» **Exercise brief**:
Scan the entries below for the word "lemma", then copy each line that holds it.
---------- Data shown
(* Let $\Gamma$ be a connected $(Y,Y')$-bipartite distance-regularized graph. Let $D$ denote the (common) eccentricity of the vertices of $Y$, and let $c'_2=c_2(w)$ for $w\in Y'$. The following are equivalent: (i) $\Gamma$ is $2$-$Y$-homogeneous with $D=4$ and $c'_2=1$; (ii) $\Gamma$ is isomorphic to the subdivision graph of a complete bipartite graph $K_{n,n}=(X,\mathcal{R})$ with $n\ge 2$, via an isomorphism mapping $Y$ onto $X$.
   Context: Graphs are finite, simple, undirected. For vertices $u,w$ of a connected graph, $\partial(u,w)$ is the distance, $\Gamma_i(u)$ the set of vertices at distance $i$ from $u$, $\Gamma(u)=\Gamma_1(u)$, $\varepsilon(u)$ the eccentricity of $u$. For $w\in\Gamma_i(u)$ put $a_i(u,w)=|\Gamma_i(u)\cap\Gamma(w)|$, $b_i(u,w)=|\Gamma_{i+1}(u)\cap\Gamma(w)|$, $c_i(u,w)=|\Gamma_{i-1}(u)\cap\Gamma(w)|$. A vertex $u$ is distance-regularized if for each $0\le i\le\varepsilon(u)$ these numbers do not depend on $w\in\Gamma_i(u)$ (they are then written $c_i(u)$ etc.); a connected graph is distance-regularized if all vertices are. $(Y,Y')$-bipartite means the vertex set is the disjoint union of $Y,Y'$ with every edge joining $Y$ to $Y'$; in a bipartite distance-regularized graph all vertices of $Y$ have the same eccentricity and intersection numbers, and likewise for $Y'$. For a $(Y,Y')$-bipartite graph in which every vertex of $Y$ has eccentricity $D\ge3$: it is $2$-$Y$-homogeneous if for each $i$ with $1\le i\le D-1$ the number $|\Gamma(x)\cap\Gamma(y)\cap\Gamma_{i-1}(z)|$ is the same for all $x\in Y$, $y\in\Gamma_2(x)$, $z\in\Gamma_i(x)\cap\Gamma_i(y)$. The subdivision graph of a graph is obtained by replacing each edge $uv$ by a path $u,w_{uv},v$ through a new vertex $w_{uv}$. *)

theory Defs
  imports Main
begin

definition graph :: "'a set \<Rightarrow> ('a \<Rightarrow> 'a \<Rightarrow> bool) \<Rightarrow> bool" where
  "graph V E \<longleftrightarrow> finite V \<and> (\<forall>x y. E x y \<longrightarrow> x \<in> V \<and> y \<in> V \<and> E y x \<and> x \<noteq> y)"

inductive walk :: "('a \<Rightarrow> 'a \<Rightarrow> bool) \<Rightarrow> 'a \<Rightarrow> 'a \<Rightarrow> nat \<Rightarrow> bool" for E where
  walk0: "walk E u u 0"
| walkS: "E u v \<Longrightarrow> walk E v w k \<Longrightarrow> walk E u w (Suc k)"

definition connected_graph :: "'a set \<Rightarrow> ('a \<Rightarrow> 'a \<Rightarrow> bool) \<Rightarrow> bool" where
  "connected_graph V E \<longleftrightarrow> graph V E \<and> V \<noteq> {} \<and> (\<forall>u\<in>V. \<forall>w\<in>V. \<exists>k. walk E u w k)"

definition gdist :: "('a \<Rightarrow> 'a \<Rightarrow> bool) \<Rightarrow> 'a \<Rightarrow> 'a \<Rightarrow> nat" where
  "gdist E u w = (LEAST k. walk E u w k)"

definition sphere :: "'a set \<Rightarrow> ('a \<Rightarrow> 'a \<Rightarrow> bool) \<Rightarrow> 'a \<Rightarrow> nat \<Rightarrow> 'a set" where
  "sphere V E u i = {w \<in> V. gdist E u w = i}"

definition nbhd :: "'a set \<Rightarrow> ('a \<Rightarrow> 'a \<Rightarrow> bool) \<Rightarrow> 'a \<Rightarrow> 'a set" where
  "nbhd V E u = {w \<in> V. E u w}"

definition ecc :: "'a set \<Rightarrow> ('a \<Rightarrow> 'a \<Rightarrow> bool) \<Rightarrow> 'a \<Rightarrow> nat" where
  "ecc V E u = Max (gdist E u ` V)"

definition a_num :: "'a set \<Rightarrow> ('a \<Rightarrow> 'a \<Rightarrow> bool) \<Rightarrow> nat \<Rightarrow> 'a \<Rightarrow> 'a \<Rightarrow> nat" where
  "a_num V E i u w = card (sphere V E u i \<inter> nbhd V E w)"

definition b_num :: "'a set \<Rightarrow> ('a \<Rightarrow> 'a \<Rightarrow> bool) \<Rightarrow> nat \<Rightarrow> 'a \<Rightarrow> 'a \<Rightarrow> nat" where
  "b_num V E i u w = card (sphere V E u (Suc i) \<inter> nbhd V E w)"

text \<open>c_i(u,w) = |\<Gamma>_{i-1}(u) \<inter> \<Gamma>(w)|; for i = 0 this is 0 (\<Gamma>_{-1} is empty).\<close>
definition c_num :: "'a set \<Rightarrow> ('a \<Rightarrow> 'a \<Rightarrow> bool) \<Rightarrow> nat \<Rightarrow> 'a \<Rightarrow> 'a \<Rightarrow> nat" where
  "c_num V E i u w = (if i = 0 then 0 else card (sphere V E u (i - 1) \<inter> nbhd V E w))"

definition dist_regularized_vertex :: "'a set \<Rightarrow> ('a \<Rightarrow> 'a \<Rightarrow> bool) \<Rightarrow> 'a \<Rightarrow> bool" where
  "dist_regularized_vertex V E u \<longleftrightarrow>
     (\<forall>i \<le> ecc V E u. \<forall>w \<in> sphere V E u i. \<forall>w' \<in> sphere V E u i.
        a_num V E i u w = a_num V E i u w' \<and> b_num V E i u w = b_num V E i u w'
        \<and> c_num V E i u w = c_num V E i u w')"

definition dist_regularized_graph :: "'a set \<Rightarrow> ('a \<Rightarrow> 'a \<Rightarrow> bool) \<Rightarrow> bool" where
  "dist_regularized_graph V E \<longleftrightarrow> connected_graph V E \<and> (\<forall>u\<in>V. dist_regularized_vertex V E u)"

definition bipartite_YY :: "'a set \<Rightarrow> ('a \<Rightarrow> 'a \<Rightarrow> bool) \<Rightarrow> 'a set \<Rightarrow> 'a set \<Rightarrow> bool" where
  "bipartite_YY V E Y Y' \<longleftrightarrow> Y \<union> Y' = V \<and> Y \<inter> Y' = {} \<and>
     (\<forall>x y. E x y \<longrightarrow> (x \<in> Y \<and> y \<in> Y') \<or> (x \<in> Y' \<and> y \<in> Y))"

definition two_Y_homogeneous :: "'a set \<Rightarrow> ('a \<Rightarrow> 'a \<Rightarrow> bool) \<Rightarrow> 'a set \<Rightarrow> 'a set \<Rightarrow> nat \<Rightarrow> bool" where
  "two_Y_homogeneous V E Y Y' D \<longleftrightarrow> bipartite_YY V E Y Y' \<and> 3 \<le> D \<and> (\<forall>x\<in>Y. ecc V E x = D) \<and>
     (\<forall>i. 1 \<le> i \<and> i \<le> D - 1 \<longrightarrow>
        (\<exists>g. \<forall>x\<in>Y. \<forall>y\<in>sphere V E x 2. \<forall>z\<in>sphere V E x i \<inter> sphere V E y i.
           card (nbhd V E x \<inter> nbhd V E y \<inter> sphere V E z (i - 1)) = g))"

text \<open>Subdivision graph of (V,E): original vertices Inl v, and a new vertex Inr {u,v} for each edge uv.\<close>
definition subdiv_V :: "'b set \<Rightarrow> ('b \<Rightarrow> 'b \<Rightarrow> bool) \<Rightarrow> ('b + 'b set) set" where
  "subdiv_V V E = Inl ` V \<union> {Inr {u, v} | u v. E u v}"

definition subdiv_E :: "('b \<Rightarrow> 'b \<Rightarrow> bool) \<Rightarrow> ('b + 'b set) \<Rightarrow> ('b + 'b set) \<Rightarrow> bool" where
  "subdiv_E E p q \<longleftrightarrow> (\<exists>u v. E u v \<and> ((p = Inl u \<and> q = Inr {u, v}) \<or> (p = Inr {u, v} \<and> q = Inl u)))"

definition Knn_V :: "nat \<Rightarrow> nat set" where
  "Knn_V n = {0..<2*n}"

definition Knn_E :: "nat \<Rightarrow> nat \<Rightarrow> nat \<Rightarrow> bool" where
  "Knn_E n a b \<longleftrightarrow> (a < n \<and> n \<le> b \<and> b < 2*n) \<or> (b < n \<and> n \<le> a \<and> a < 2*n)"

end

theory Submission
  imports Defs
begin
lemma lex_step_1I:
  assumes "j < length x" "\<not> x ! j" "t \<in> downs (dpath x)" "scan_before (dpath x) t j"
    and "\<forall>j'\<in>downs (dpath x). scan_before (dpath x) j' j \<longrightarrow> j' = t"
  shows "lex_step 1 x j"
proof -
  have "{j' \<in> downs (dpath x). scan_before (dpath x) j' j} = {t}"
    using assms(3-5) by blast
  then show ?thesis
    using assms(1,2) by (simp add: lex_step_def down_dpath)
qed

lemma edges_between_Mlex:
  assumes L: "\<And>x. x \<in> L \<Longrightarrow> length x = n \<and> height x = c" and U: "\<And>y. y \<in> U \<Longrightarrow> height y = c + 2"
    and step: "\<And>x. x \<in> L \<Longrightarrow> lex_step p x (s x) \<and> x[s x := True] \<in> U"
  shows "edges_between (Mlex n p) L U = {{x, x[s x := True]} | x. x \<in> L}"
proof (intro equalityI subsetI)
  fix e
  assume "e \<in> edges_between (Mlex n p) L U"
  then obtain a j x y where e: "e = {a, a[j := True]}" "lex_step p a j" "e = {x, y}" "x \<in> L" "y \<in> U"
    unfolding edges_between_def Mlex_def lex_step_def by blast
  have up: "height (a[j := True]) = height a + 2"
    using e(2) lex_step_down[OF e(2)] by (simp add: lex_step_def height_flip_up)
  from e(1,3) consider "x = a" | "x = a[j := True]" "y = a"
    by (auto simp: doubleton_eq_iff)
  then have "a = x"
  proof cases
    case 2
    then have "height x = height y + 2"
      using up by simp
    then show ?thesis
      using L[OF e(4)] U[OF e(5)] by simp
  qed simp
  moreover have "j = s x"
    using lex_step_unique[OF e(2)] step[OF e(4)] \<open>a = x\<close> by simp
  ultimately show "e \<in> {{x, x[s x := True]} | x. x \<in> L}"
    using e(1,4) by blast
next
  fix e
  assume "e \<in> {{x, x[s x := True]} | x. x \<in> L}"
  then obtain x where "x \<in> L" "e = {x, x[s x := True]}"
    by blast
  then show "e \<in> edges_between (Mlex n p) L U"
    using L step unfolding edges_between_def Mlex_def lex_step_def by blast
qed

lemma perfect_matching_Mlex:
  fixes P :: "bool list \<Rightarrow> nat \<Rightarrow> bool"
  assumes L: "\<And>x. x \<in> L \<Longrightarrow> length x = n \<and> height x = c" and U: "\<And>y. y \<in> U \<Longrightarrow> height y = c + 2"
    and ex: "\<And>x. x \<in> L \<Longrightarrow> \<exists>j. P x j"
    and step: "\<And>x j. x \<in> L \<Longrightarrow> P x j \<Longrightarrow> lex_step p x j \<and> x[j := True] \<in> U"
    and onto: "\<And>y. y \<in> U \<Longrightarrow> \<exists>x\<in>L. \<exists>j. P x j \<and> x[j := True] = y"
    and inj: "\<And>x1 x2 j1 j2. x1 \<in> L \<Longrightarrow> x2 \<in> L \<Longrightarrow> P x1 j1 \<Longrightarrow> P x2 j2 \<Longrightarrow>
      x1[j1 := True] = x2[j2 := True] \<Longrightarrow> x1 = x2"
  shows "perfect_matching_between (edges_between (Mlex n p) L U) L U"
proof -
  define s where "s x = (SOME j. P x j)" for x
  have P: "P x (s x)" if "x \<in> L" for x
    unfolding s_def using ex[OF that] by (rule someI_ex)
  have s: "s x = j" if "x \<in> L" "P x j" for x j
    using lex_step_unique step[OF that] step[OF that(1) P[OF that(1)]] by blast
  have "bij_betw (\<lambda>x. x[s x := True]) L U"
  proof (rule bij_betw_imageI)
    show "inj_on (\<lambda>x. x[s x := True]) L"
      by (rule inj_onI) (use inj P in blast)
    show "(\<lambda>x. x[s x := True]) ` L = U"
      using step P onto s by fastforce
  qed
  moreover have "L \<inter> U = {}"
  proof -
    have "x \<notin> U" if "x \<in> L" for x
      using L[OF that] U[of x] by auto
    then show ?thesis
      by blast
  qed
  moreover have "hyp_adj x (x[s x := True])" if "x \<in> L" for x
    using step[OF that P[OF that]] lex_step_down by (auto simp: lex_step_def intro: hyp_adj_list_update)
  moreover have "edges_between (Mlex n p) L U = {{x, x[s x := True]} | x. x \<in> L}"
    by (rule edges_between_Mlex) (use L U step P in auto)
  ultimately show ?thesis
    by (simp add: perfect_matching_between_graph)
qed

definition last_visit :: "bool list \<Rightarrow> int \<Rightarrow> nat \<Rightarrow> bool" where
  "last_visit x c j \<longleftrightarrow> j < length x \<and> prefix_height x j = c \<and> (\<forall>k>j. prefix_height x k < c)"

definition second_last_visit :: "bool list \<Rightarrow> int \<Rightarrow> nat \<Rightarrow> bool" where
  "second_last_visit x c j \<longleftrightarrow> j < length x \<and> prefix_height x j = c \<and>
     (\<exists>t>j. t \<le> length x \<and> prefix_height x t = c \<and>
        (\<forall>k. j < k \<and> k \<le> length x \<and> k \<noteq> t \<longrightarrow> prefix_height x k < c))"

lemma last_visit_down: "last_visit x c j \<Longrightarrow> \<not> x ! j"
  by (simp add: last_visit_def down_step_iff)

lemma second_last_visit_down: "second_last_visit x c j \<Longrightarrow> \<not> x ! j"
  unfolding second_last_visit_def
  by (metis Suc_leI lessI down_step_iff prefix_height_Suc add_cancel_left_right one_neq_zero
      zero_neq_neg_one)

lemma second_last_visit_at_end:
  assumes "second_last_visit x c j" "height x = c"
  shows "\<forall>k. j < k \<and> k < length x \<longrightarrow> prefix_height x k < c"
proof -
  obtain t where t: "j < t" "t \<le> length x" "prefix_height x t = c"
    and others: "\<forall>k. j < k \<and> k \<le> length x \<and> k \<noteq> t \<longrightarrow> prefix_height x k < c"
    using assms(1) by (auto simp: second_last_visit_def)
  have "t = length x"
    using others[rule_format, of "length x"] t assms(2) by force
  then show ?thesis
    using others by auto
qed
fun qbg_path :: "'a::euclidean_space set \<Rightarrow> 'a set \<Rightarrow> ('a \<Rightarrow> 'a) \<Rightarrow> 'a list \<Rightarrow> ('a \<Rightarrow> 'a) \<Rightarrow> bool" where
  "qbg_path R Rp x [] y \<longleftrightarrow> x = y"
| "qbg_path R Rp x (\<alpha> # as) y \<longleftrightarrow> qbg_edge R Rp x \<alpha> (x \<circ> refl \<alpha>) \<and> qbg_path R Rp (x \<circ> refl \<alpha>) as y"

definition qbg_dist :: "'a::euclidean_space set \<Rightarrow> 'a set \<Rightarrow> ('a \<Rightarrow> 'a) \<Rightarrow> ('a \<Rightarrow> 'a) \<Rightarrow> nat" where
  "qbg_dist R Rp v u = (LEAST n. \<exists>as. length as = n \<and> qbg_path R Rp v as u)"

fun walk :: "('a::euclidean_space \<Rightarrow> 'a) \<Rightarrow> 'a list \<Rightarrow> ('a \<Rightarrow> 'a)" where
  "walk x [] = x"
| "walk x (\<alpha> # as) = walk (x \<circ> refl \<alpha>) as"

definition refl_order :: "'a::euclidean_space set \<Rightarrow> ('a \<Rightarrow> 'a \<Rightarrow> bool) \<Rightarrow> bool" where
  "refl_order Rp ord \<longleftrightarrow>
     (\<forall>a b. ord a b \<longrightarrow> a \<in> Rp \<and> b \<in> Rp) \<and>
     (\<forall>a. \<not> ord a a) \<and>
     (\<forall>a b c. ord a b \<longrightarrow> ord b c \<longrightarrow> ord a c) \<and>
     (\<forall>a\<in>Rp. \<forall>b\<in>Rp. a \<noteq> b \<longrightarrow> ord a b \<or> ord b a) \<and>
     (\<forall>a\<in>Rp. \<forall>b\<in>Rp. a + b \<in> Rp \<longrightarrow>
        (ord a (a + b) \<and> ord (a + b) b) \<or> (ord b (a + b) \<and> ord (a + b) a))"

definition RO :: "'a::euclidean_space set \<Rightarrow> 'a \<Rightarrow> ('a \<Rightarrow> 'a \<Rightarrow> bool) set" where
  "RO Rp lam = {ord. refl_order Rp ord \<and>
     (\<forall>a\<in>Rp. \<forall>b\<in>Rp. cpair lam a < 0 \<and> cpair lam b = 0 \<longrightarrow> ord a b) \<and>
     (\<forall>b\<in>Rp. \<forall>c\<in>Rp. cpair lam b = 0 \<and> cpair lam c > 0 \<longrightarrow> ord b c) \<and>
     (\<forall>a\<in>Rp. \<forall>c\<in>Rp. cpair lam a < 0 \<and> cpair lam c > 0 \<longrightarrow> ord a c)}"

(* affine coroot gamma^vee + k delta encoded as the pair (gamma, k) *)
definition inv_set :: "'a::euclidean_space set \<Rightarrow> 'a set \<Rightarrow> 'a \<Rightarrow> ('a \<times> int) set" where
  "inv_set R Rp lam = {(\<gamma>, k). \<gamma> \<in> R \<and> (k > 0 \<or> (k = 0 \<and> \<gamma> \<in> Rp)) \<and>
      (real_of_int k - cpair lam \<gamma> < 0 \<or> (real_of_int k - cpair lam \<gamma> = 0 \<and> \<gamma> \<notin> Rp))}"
--------------------
» **Result below**:
lemma lex_step_1I:
lemma edges_between_Mlex:
lemma perfect_matching_Mlex:
lemma last_visit_down: "last_visit x c j \<Longrightarrow> \<not> x ! j"
lemma second_last_visit_down: "second_last_visit x c j \<Longrightarrow> \<not> x ! j"
lemma second_last_visit_at_end:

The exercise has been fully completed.